++++ Materials provided

(* Under the standing assumptions, suppose the map $\gamma:H\mapsto\bigoplus_{h\in H}J_h$, defined on the set of subgroupoids of $\mathcal G$, is injective. Then for every wide subgroupoid $H$ of $\mathcal G$ there is no subgroupoid $H'$ of $\mathcal G$ with $\mathcal S_H\subseteq H'\subseteq H$ and $H'\neq H$, where $\mathcal S_H=\{h\in H: J_h\neq\{0\}\}$.
   Context: All rings and algebras are associative and unital. A groupoid is a nonempty set $\mathcal G$ with a partially defined associative multiplication in which every $g$ has an inverse $g^{-1}$, a left identity $r(g)=gg^{-1}$ and a right identity $d(g)=g^{-1}g$; $gh$ is defined iff $d(g)=r(h)$; $\mathcal G_0$ is the set of identities. A subgroupoid is a nonempty subset closed under inverses and defined products; it is wide if it contains $\mathcal G_0$. Standing assumptions: $K$ commutative ring, $R$ a $K$-algebra, $\mathcal G$ a finite groupoid, $\beta=(\{E_g\},\{\beta_g\})$ a unital action of $\mathcal G$ on $R$: $E_g=E_{r(g)}$ is an ideal of $R$, unital with identity $1_g$ (so $1_{g^{-1}}=1_{d(g)}$), $\beta_g:E_{g^{-1}}\to E_g$ a $K$-algebra isomorphism, $\beta_e=\mathrm{id}_{E_e}$ for $e\in\mathcal G_0$, $\beta_g\beta_h(x)=\beta_{gh}(x)$ whenever $d(g)=r(h)$, $x\in E_{h^{-1}}$; $R=\bigoplus_{e\in\mathcal G_0}E_e$; and $R$ is a $\beta$-Galois extension of $R^\beta$: there exist $x_i,y_i\in R$ ($1\le i\le m$) with $\sum_i x_i\beta_g(y_i1_{g^{-1}})=1_g$ if $g\in\mathcal G_0$ and $=0$ otherwise. For $g\in\mathcal G$, $J_g=\{r\in E_g: r\beta_g(x1_{g^{-1}})=xr\ \forall x\in R\}$. *)

theory Defs
  imports Main
begin

text \<open>The product g*h is "defined" iff d g = r h, where r g = g g^-1 and d g = g^-1 g.\<close>

definition grd_r :: "('g \<Rightarrow> 'g \<Rightarrow> 'g) \<Rightarrow> ('g \<Rightarrow> 'g) \<Rightarrow> 'g \<Rightarrow> 'g" where
  "grd_r mult ginv g = mult g (ginv g)"

definition grd_d :: "('g \<Rightarrow> 'g \<Rightarrow> 'g) \<Rightarrow> ('g \<Rightarrow> 'g) \<Rightarrow> 'g \<Rightarrow> 'g" where
  "grd_d mult ginv g = mult (ginv g) g"

definition groupoid :: "'g set \<Rightarrow> ('g \<Rightarrow> 'g \<Rightarrow> 'g) \<Rightarrow> ('g \<Rightarrow> 'g) \<Rightarrow> bool" where
  "groupoid G mult ginv \<longleftrightarrow>
     G \<noteq> {} \<and>
     (\<forall>g\<in>G. ginv g \<in> G \<and> ginv (ginv g) = g) \<and>
     (\<forall>g\<in>G. \<forall>h\<in>G. grd_d mult ginv g = grd_r mult ginv h \<longrightarrow>
        mult g h \<in> G \<and>
        grd_r mult ginv (mult g h) = grd_r mult ginv g \<and>
        grd_d mult ginv (mult g h) = grd_d mult ginv h) \<and>
     (\<forall>g\<in>G. \<forall>h\<in>G. \<forall>k\<in>G.
        grd_d mult ginv g = grd_r mult ginv h \<and> grd_d mult ginv h = grd_r mult ginv k \<longrightarrow>
        mult (mult g h) k = mult g (mult h k)) \<and>
     (\<forall>g\<in>G. mult (grd_r mult ginv g) g = g \<and> mult g (grd_d mult ginv g) = g)"

definition grd_units :: "'g set \<Rightarrow> ('g \<Rightarrow> 'g \<Rightarrow> 'g) \<Rightarrow> ('g \<Rightarrow> 'g) \<Rightarrow> 'g set" where
  "grd_units G mult ginv = grd_r mult ginv ` G"

definition subgroupoid :: "'g set \<Rightarrow> ('g \<Rightarrow> 'g \<Rightarrow> 'g) \<Rightarrow> ('g \<Rightarrow> 'g) \<Rightarrow> 'g set \<Rightarrow> bool" where
  "subgroupoid G mult ginv H \<longleftrightarrow>
     H \<noteq> {} \<and> H \<subseteq> G \<and> (\<forall>h\<in>H. ginv h \<in> H) \<and>
     (\<forall>g\<in>H. \<forall>h\<in>H. grd_d mult ginv g = grd_r mult ginv h \<longrightarrow> mult g h \<in> H)"

definition wide_subgroupoid :: "'g set \<Rightarrow> ('g \<Rightarrow> 'g \<Rightarrow> 'g) \<Rightarrow> ('g \<Rightarrow> 'g) \<Rightarrow> 'g set \<Rightarrow> bool" where
  "wide_subgroupoid G mult ginv H \<longleftrightarrow>
     subgroupoid G mult ginv H \<and> grd_units G mult ginv \<subseteq> H"

definition two_sided_ideal :: "'r::ring_1 set \<Rightarrow> bool" where
  "two_sided_ideal I \<longleftrightarrow> 0 \<in> I \<and> (\<forall>x\<in>I. \<forall>y\<in>I. x + y \<in> I) \<and> (\<forall>x\<in>I. - x \<in> I) \<and>
     (\<forall>x\<in>I. \<forall>a. a * x \<in> I \<and> x * a \<in> I)"

definition unital_action ::
  "'g set \<Rightarrow> ('g \<Rightarrow> 'g \<Rightarrow> 'g) \<Rightarrow> ('g \<Rightarrow> 'g) \<Rightarrow> ('g \<Rightarrow> 'r::ring_1 set) \<Rightarrow> ('g \<Rightarrow> 'r) \<Rightarrow> ('g \<Rightarrow> 'r \<Rightarrow> 'r) \<Rightarrow> bool" where
  "unital_action G mult ginv E one beta \<longleftrightarrow>
     (\<forall>g\<in>G. E g = E (grd_r mult ginv g) \<and> one g = one (grd_r mult ginv g)) \<and>
     (\<forall>g\<in>G. two_sided_ideal (E g) \<and> one g \<in> E g \<and>
        (\<forall>x\<in>E g. one g * x = x \<and> x * one g = x)) \<and>
     (\<forall>g\<in>G. bij_betw (beta g) (E (ginv g)) (E g) \<and>
        (\<forall>x\<in>E (ginv g). \<forall>y\<in>E (ginv g).
           beta g (x + y) = beta g x + beta g y \<and> beta g (x * y) = beta g x * beta g y) \<and>
        beta g (one (ginv g)) = one g) \<and>
     (\<forall>e\<in>grd_units G mult ginv. \<forall>x\<in>E e. beta e x = x) \<and>
     (\<forall>g\<in>G. \<forall>h\<in>G. grd_d mult ginv g = grd_r mult ginv h \<longrightarrow>
        (\<forall>x\<in>E (ginv h). beta g (beta h x) = beta (mult g h) x)) \<and>
     (\<forall>x::'r. \<exists>!f. (\<forall>e\<in>grd_units G mult ginv. f e \<in> E e) \<and>
        (\<forall>e. e \<notin> grd_units G mult ginv \<longrightarrow> f e = 0) \<and>
        x = (\<Sum>e\<in>grd_units G mult ginv. f e))"

definition galois_extension ::
  "'g set \<Rightarrow> ('g \<Rightarrow> 'g \<Rightarrow> 'g) \<Rightarrow> ('g \<Rightarrow> 'g) \<Rightarrow> ('g \<Rightarrow> 'r::ring_1) \<Rightarrow> ('g \<Rightarrow> 'r \<Rightarrow> 'r) \<Rightarrow> bool" where
  "galois_extension G mult ginv one beta \<longleftrightarrow>
     (\<exists>(m::nat) (xs::nat \<Rightarrow> 'r) ys. \<forall>g\<in>G.
        (\<Sum>i<m. xs i * beta g (ys i * one (ginv g))) =
        (if g \<in> grd_units G mult ginv then one g else 0))"

definition Jset :: "('g \<Rightarrow> 'r::ring_1 set) \<Rightarrow> ('g \<Rightarrow> 'r) \<Rightarrow> ('g \<Rightarrow> 'g) \<Rightarrow> ('g \<Rightarrow> 'r \<Rightarrow> 'r) \<Rightarrow> 'g \<Rightarrow> 'r set" where
  "Jset E one ginv beta g = {a \<in> E g. \<forall>x. a * beta g (x * one (ginv g)) = x * a}"

text \<open>gamma H = (external) direct sum of the J_h, h in H: families supported in H with h-component in J_h.\<close>
definition gammaJ :: "('g \<Rightarrow> 'r::ring_1 set) \<Rightarrow> ('g \<Rightarrow> 'r) \<Rightarrow> ('g \<Rightarrow> 'g) \<Rightarrow> ('g \<Rightarrow> 'r \<Rightarrow> 'r) \<Rightarrow> 'g set \<Rightarrow> ('g \<Rightarrow> 'r) set" where
  "gammaJ E one ginv beta H = {f. (\<forall>h\<in>H. f h \<in> Jset E one ginv beta h) \<and> (\<forall>g. g \<notin> H \<longrightarrow> f g = 0)}"

definition SH :: "('g \<Rightarrow> 'r::ring_1 set) \<Rightarrow> ('g \<Rightarrow> 'r) \<Rightarrow> ('g \<Rightarrow> 'g) \<Rightarrow> ('g \<Rightarrow> 'r \<Rightarrow> 'r) \<Rightarrow> 'g set \<Rightarrow> 'g set" where
  "SH E one ginv beta H = {h \<in> H. Jset E one ginv beta h \<noteq> {0}}"

end

theory Submission
  imports Defs
begin

text \<open>Components of \<open>\<gamma>(H)\<close> indexed by \<open>h \<in> H - \<S>\<^sub>H\<close> range over \<open>J\<^sub>h = {0}\<close>, so shrinking
  \<open>H\<close> to any \<open>H'\<close> with \<open>\<S>\<^sub>H \<subseteq> H'\<close> does not change \<open>\<gamma>\<close>; injectivity of \<open>\<gamma>\<close> then forces
  \<open>H' = H\<close>.\<close>

lemma Jset_eq_zero_if_notin_SH:
  assumes "h \<in> H" and "h \<notin> SH E one ginv beta H"
  shows "Jset E one ginv beta h = {0}"
  using assms unfolding SH_def by blast

lemma gammaJ_eq_if_SH_subset:
  assumes "SH E one ginv beta H \<subseteq> H'" and "H' \<subseteq> H"
  shows "gammaJ E one ginv beta H' = gammaJ E one ginv beta H"
proof -
  have J_trivial: "Jset E one ginv beta h = {0}" if "h \<in> H" "h \<notin> H'" for h
    using that assms(1) Jset_eq_zero_if_notin_SH[of h H] by blast
  have "(\<forall>h\<in>H'. f h \<in> Jset E one ginv beta h) \<and> (\<forall>g. g \<notin> H' \<longrightarrow> f g = 0) \<longleftrightarrow>
        (\<forall>h\<in>H. f h \<in> Jset E one ginv beta h) \<and> (\<forall>g. g \<notin> H \<longrightarrow> f g = 0)" for f
    using assms(2) J_trivial by (metis singletonD singletonI subsetD)
  then show ?thesis
    unfolding gammaJ_def by blast
qed

theorem lemma3p8:
  fixes G :: "'g set" and mult :: "'g \<Rightarrow> 'g \<Rightarrow> 'g" and ginv :: "'g \<Rightarrow> 'g"
    and E :: "'g \<Rightarrow> 'r::ring_1 set" and one :: "'g \<Rightarrow> 'r" and beta :: "'g \<Rightarrow> 'r \<Rightarrow> 'r"
  assumes "groupoid G mult ginv" and "finite G"
    and "unital_action G mult ginv E one beta"
    and "galois_extension G mult ginv one beta"
    and inj: "inj_on (gammaJ E one ginv beta) {H. subgroupoid G mult ginv H}"
    and wide: "wide_subgroupoid G mult ginv H"
  shows "\<not> (\<exists>H'. subgroupoid G mult ginv H' \<and> SH E one ginv beta H \<subseteq> H' \<and> H' \<subseteq> H \<and> H' \<noteq> H)"
proof
  assume "\<exists>H'. subgroupoid G mult ginv H' \<and> SH E one ginv beta H \<subseteq> H' \<and> H' \<subseteq> H \<and> H' \<noteq> H"
  then obtain H' where sub': "subgroupoid G mult ginv H'"
    and "SH E one ginv beta H \<subseteq> H'" "H' \<subseteq> H" and "H' \<noteq> H"
    by blast
  then have "gammaJ E one ginv beta H' = gammaJ E one ginv beta H"
    using gammaJ_eq_if_SH_subset by blast
  moreover have "subgroupoid G mult ginv H"
    using wide unfolding wide_subgroupoid_def by blast
  ultimately have "H' = H"
    using inj sub' by (auto dest: inj_onD)
  with \<open>H' \<noteq> H\<close> show False ..
qed

end
lemma (in ring) ideal_power_Suc_idempotent:
  assumes "idempotent_ideal R I"
  shows "ideal_power R I (Suc n) = I"
  using assms by (induction n) (simp_all add: idempotent_ideal_def ideal_prod_one)

lemma (in ring) idempotent_ideal_subset_ideal_power:
  assumes "idempotent_ideal R I"
  shows "I \<subseteq> ideal_power R I n"
proof (cases n)
  case 0
  then show ?thesis using assms by (auto simp: idempotent_ideal_def ideal.Icarr)
next
  case (Suc m)
  then show ?thesis using ideal_power_Suc_idempotent[OF assms] by simp
qed

lemma bounded_small_torsion_if_idempotent:
  assumes "module R M" and "idempotent_ideal R I"
  shows "bounded_small_torsion R I M"
proof -
  interpret module R M by fact
  have "r \<odot>\<^bsub>M\<^esub> x = \<zero>\<^bsub>M\<^esub>" if r: "r \<in> I" and x: "x \<in> small_torsion R I M" for r x
  proof -
    obtain n where "ideal_power R I n \<subseteq> annihilator R M x"
      using x unfolding small_torsion_def by blast
    then show ?thesis
      using idempotent_ideal_subset_ideal_power[OF assms(2), of n] r
      unfolding annihilator_def by blast
  qed
  then have "ideal_smult R (ideal_power R I 1) M (small_torsion R I M) = {\<zero>\<^bsub>M\<^esub>}"
    using ideal_power_Suc_idempotent[OF assms(2), of 0] by (simp add: ideal_smult_eq_zero_iff)
  then show ?thesis unfolding bounded_small_torsion_def by blast
qed

abbreviation regular_module :: "('a, 'b) ring_scheme \<Rightarrow> ('a, 'a) module" where
  "regular_module R \<equiv> \<lparr>carrier = carrier R, mult = mult R, one = one R, zero = zero R,
                        add = add R, smult = mult R\<rparr>"

lemma (in cring) module_regular_module: "module R (regular_module R)"
proof -
  have "abelian_group (regular_module R)"
  proof (rule abelian_groupI, goal_cases)
    case (6 x) then show ?case by (intro bexI[of _ "\<ominus> x"]) (auto simp: l_neg)
  qed (auto simp: a_ac)
  then show ?thesis
    by (rule moduleI[OF is_cring]) (auto simp: l_distr r_distr m_assoc)
qed
lemma sqrt_QFI_minus_gammaN_bound:
  assumes "\<Delta> \<noteq> 0"
    and bound: "\<And>k. eps J \<mu> \<Delta> \<kappa> N k > 0 \<Longrightarrow>
                  \<bar>scrE_Delta J \<mu> \<Delta> T \<kappa> N k - T / 2 * \<bar>fN \<kappa> N k\<bar>\<bar> \<le> C"
    and "0 \<le> C"
  shows "\<bar>sqrt (QFI J \<mu> \<Delta> T \<kappa> N) - T * gammaN \<kappa> N / 2\<bar> \<le> C * real N"
proof -
  define S where "S = {k\<in>momenta N. eps J \<mu> \<Delta> \<kappa> N k > 0}"
  have fin: "finite (momenta N)" by (simp add: momenta_def)
  have "card S \<le> N"
    using card_mono[OF fin] card_momenta[of N] by (fastforce simp: S_def)
  have "\<bar>fN \<kappa> N k\<bar> = 0" if "k \<in> momenta N - S" for k
    using that fN_eq_0_if_eps_nonpos[OF assms(1), of J \<mu> \<kappa> N k] by (auto simp: S_def not_less)
  then have "gammaN \<kappa> N = (\<Sum>k\<in>S. \<bar>fN \<kappa> N k\<bar>)"
    unfolding gammaN_eq_sum_momenta using fin by (intro sum.mono_neutral_right) (auto simp: S_def)
  moreover have "sqrt (QFI J \<mu> \<Delta> T \<kappa> N) = (\<Sum>k\<in>S. scrE_Delta J \<mu> \<Delta> T \<kappa> N k)"
    by (simp add: QFI_def S_def[symmetric] scrE_Delta_def scrE_def sum_nonneg)
  ultimately have "\<bar>sqrt (QFI J \<mu> \<Delta> T \<kappa> N) - T * gammaN \<kappa> N / 2\<bar>
      = \<bar>\<Sum>k\<in>S. scrE_Delta J \<mu> \<Delta> T \<kappa> N k - T / 2 * \<bar>fN \<kappa> N k\<bar>\<bar>"
    by (simp add: sum_subtractf sum_distrib_left sum_divide_distrib)
  also have "\<dots> \<le> (\<Sum>k\<in>S. \<bar>scrE_Delta J \<mu> \<Delta> T \<kappa> N k - T / 2 * \<bar>fN \<kappa> N k\<bar>\<bar>)"
    by (rule sum_abs)
  also have "\<dots> \<le> C * real (card S)"
    using sum_mono[of S _ "\<lambda>_. C"] bound by (simp add: S_def mult.commute)
  also have "\<dots> \<le> C * real N" using \<open>card S \<le> N\<close> \<open>0 \<le> C\<close> by (simp add: mult_left_mono)
  finally show ?thesis .
qed
lemma
  fixes h w :: "'a::euclidean_space \<Rightarrow> real"
  assumes h: "h \<in> borel_measurable borel" "\<And>y. 0 \<le> h y"
    and w: "w \<in> borel_measurable borel" "\<And>y. 0 \<le> w y"
    and dominated: "\<And>y. h y * w y \<le> K * exp (- \<gamma> * (norm (y - m))^2)" and \<gamma>: "\<gamma> > 0"
  shows integrable_density_dominated_by_gaussian: "integrable (density lborel (\<lambda>y. ennreal (h y))) w"
    and integral_density_dominated_by_gaussian:
      "(\<integral>y. w y \<partial>density lborel (\<lambda>y. ennreal (h y))) \<le> K * (\<integral>y. exp (- \<gamma> * (norm y)^2) \<partial>(lborel::'a measure))"
proof -
  have bound: "integrable lborel (\<lambda>y. K * exp (- \<gamma> * (norm (y - m))^2))"
    by (intro integrable_mult_right integrable_exp_neg_norm_power2_shift[OF \<gamma>])
  have nonneg: "0 \<le> h y * w y" for y
    using h w by simp
  have "norm (h y * w y) \<le> norm (K * exp (- \<gamma> * (norm (y - m))^2))" for y
    unfolding real_norm_def abs_of_nonneg[OF nonneg] by (rule order_trans[OF dominated abs_ge_self])
  then have "integrable lborel (\<lambda>y. h y * w y)"
    using h w by (intro Bochner_Integration.integrable_bound[OF bound] AE_I2) auto
  then show "integrable (density lborel (\<lambda>y. ennreal (h y))) w"
    using h w by (subst integrable_density) auto
  have "(\<integral>y. w y \<partial>density lborel (\<lambda>y. ennreal (h y))) = (\<integral>y. h y * w y \<partial>lborel)"
    using h w by (subst integral_density) auto
  also have "\<dots> \<le> (\<integral>y. K * exp (- \<gamma> * (norm (y - m))^2) \<partial>lborel)"
    using dominated nonneg by (intro integral_mono_AE' bound AE_I2) (auto intro: order_trans)
  also have "\<dots> = K * (\<integral>y. exp (- \<gamma> * (norm y)^2) \<partial>(lborel::'a measure))"
    using integral_exp_neg_norm_power2_shift[OF \<gamma>, of m] by simp
  finally show "(\<integral>y. w y \<partial>density lborel (\<lambda>y. ennreal (h y)))
      \<le> K * (\<integral>y. exp (- \<gamma> * (norm y)^2) \<partial>(lborel::'a measure))" .
qed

++++++++

■ **Description of the task**
Retype the portion of the data above that starts on the line with "y))) = (\<integral>y." and finishes on the line with "using dominated nonneg", including both of those lines.

■ **Completed task**
  have "(\<integral>y. w y \<partial>density lborel (\<lambda>y. ennreal (h y))) = (\<integral>y. h y * w y \<partial>lborel)"
    using h w by (subst integral_density) auto
  also have "\<dots> \<le> (\<integral>y. K * exp (- \<gamma> * (norm (y - m))^2) \<partial>lborel)"
    using dominated nonneg by (intro integral_mono_AE' bound AE_I2) (auto intro: order_trans)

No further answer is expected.